Friday, October 9, 2009

plans

Today I went with my mom to Target and felt gloriously midwestern. I tried my hardest to dress Oberlinesque- see visable socks, clumsy shoes, big scarf, difficult patterns and mess hair. It was like my own little silent announcement to the town that I am in fact not from here, also a louder announcement to myself that this is a lie. Oh well.

Until things get put together, I am in a weird no-man's land of what is home and doesn't feel like it, and what feels like home and isn't. It may be that familiarity bores me- I feel like I'm in a time capsule of things and places that no longer apply as mine, but are just as much now as they ever were. I sit in the web of Ann Arbor cafes and inevitably see a summer spent at the same window tables, and behind them four, seven years of the same. I was so anxious to leave, but now it seems there's no question that I wouldn't really, that I'd always end up back. I'm one for absolutes, and so this quick and unexpected return feels silly and taunting. I'm exasperated by how happy my mother is. I was supposed to be gone. It must be, of course, possible to stay in one place and be different. Obviously I changed some between the fifth and twelfth grades. Then why does this all feel like such a regression?

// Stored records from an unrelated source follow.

lemma edge_label_GridD:
  assumes "tadj k1 k2 k3 B x y" "edge_label (x,y) = Grid d t"
  shows "d < 3 \<and> snd x = snd y \<and> \<bar>coord d x - coord d y\<bar> = 1 \<and>
    (\<forall>d'<3. d' \<noteq> d \<longrightarrow> coord d' x = coord d' y)"
proof -
  have "d' < 3 \<longleftrightarrow> d' = 0 \<or> d' = 1 \<or> d' = 2" for d' :: nat by auto
  then show ?thesis
    using tadj_cases[OF assms(1)] assms(2)
    by (elim disjE conjE exE) (auto simp: edge_label_def split: if_splits)
qed

lemma tV_coord_nonneg: "v \<in> tV k1 k2 k3 B \<Longrightarrow> 0 \<le> coord d v"
  using tV_grid_V[of "fst v" "snd v"] by (auto simp: coord_def grid_V_def split: prod.splits)

lemma tdist_origin:
  "v \<in> tV k1 k2 k3 B \<Longrightarrow>
    tdist v ((0,0,0),None) = coord 0 v + coord 1 v + coord 2 v + layer_dist (snd v) None"
  using tV_coord_nonneg[of v k1 k2 k3 B] by (simp add: tdist_coord)

lemma outward_Grid_edge_coord:
  assumes "tadj k1 k2 k3 B s x" "edge_label (s,x) = Grid d t"
    and "tdist s ((0,0,0),None) < tdist x ((0,0,0),None)"
  shows "coord d x = coord d s + 1"
proof -
  have e: "d < 3" "snd s = snd x" "\<bar>coord d s - coord d x\<bar> = 1"
    "\<forall>d'<3. d' \<noteq> d \<longrightarrow> coord d' s = coord d' x"
    using edge_label_GridD[OF assms(1,2)] by auto
  have "s \<in> tV k1 k2 k3 B" "x \<in> tV k1 k2 k3 B" using assms(1) tadj_in_tV by auto
  moreover have "d = 0 \<or> d = 1 \<or> d = 2" using e(1) by auto
  ultimately show ?thesis using assms(3) e(2-4) by (auto simp: tdist_origin)
qed

lemma outward_edges_eq_if_same_direction:
  assumes sx: "tadj k1 k2 k3 B s x" and sy: "tadj k1 k2 k3 B s y"
    and dir: "direction (edge_label (s,x)) = direction (edge_label (s,y))"
    and out: "tdist s ((0,0,0),None) < tdist x ((0,0,0),None)"
      "tdist s ((0,0,0),None) < tdist y ((0,0,0),None)"
  shows "x = y"
proof (cases "edge_label (s,x)")
  case (Box i)
  then have "edge_label (s,y) = Box i" using dir by (cases "edge_label (s,y)") auto
  then show ?thesis using edge_label_BoxD[OF sx Box] edge_label_BoxD[OF sy] by (auto simp: prod_eq_iff)
next
  case (Grid d t)
  then obtain t' where y_label: "edge_label (s,y) = Grid d t'" using dir by (cases "edge_label (s,y)") auto
  have "coord d x = coord d y"
    using outward_Grid_edge_coord[OF sx Grid out(1)] outward_Grid_edge_coord[OF sy y_label out(2)]
    by simp
  then show ?thesis
    using edge_label_GridD[OF sx Grid] edge_label_GridD[OF sy y_label] vtx_eqI_coord[of d x y]
    by auto
qed

lemma is_4cycle_not_one_direction:
  assumes cyc: "is_4cycle (tadj k1 k2 k3 B) x1 x2 x3 x4"
    and "direction (edge_label (x1,x2)) = direction (edge_label (x2,x3))"
    and "direction (edge_label (x2,x3)) = direction (edge_label (x3,x4))"
    and "direction (edge_label (x3,x4)) = direction (edge_label (x4,x1))"
  shows False
proof -
  have e: "tadj k1 k2 k3 B x1 x2" "tadj k1 k2 k3 B x2 x3" "tadj k1 k2 k3 B x3 x4"
      "tadj k1 k2 k3 B x4 x1"
    and distinct: "x1 \<noteq> x3" "x2 \<noteq> x4"
    using cyc unfolding is_4cycle_def by auto
  show False
  proof (cases "edge_label (x1,x2)")
    case (Box i)
    then have "edge_label (x2,x3) = Box i" using assms(2) by (cases "edge_label (x2,x3)") auto
    then have "x1 = x3" using edge_label_BoxD[OF e(1) Box] edge_label_BoxD[OF e(2)] by (auto simp: prod_eq_iff)
    then show False using distinct by simp
  next
    case (Grid d t1)
    then obtain t2 where l2: "edge_label (x2,x3) = Grid d t2"
      using assms(2) by (cases "edge_label (x2,x3)") auto
    then obtain t3 where l3: "edge_label (x3,x4) = Grid d t3"
      using assms(3) by (cases "edge_label (x3,x4)") auto
    then obtain t4 where l4: "edge_label (x4,x1) = Grid d t4"
      using assms(4) by (cases "edge_label (x4,x1)") auto
    note e1 = edge_label_GridD[OF e(1) Grid] and e2 = edge_label_GridD[OF e(2) l2]
      and e3 = edge_label_GridD[OF e(3) l3] and e4 = edge_label_GridD[OF e(4) l4]
    have "coord d x1 \<noteq> coord d x3"
      using vtx_eqI_coord[of d x1 x3] e1 e2 distinct(1) by auto
    moreover have "coord d x2 \<noteq> coord d x4"
      using vtx_eqI_coord[of d x2 x4] e2 e3 distinct(2) by auto
    ultimately show False using e1 e2 e3 e4 by arith
  qed
qed

lemma contact_adj_direction_neq:
  assumes C: "C \<in> theta_classes (tadj k1 k2 k3 B)" and D: "D \<in> theta_classes (tadj k1 k2 k3 B)"
    and contact: "contact_adj (tadj k1 k2 k3 B) ((0,0,0),None) C D"
    and origin: "((0,0,0),None) \<in> tV k1 k2 k3 B"
  shows "direction (class_label C) \<noteq> direction (class_label D)"
proof
  assume dir: "direction (class_label C) = direction (class_label D)"
  note memC = mem_theta_class_iff[OF C] and memD = mem_theta_class_iff[OF D]
  from contact consider "crosses (tadj k1 k2 k3 B) C D"
    | s x y where "(s,x) \<in> C" "(s,y) \<in> D"
        "gdist (tadj k1 k2 k3 B) s ((0,0,0),None) < gdist (tadj k1 k2 k3 B) x ((0,0,0),None)"
        "gdist (tadj k1 k2 k3 B) s ((0,0,0),None) < gdist (tadj k1 k2 k3 B) y ((0,0,0),None)"
    unfolding contact_adj_def by blast
  then show False
  proof cases
    case 1
    then obtain x1 x2 x3 x4 where cyc: "is_4cycle (tadj k1 k2 k3 B) x1 x2 x3 x4"
      and "(x1,x2) \<in> C" "(x3,x4) \<in> C" "(x2,x3) \<in> D" "(x4,x1) \<in> D"
      unfolding crosses_def by blast
    then have "edge_label (x1,x2) = class_label C" "edge_label (x3,x4) = class_label C"
      "edge_label (x2,x3) = class_label D" "edge_label (x4,x1) = class_label D"
      using memC memD by blast+
    then show False using is_4cycle_not_one_direction[OF cyc] dir by simp
  next
    case (2 s x y)
    then have edges: "tadj k1 k2 k3 B s x" "tadj k1 k2 k3 B s y" using memC memD by auto
    then have "s \<in> tV k1 k2 k3 B" "x \<in> tV k1 k2 k3 B" "y \<in> tV k1 k2 k3 B"
      using tadj_in_tV by auto
    then have "tdist s ((0,0,0),None) < tdist x ((0,0,0),None)"
        "tdist s ((0,0,0),None) < tdist y ((0,0,0),None)"
      using 2(3,4) origin by (simp_all add: gdist_tadj)
    then have "x = y"
      using outward_edges_eq_if_same_direction[OF edges] 2(1,2) memC memD dir by simp
    then have "class_label C = class_label D" using 2(1,2) memC memD by simp
    moreover have "C \<noteq> D" using contact by (simp add: contact_adj_def)
    ultimately show False using theta_class_eq(1)[OF C] theta_class_eq(1)[OF D] by simp
  qed
qed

There's a lot I can use these next four months for: actually reading Proust instead of pretending to have done so, getting a drivers license, making money, making a zine, learning the banjo, plus the actual school-mandated reason for leave. I don't want to go into that one. We'll leave it for when it comes.

something about light

I write this from the living room. When Harry Met Sally is on and I am half-watching. I have a cup of hot chocolate that I didn’t really want but made anyway.

Here is the point of medical leave: you get better. You leave your normal life of friends and campus and debauchery to spend the remaining three and half months of the semester fixing what (it has become undeniably clear) needs fixing. Here is the problem with medical leave: no matter what you do and where you are during it, it also becomes undeniably clear where you were, the point being, I miss Oberlin.

I’m having trouble multi-tasking here- watching the movie, writing this, facebooking, thinking that everyone on the screen looks like someone I know, thinking about everyone I know…it’s that age old phenomenon of don’t-know-what-you’ve-got-til-its-gone. That said, I’m going to leave this first blog entry in the capable linguistic hands of Jenny Holzer: There’s something about light that’s right for these terrible subjects. It’s a way of having beauty let you come closer than you might otherwise.

The point of this is documentation. I feel like this decision to come home and deal with what I’ve been avoided dealing with for years is kind of crazy and ridiculous- see, I’m not in the habit of dealing with things. So, without further ado, I bring you terrible subjects, but hopefully light somewhere. Honesty and boredom and the cruel things I find funny and frustration and the weird opposite of home-sickness. And maybe, inexplicably, somewhere, beauty.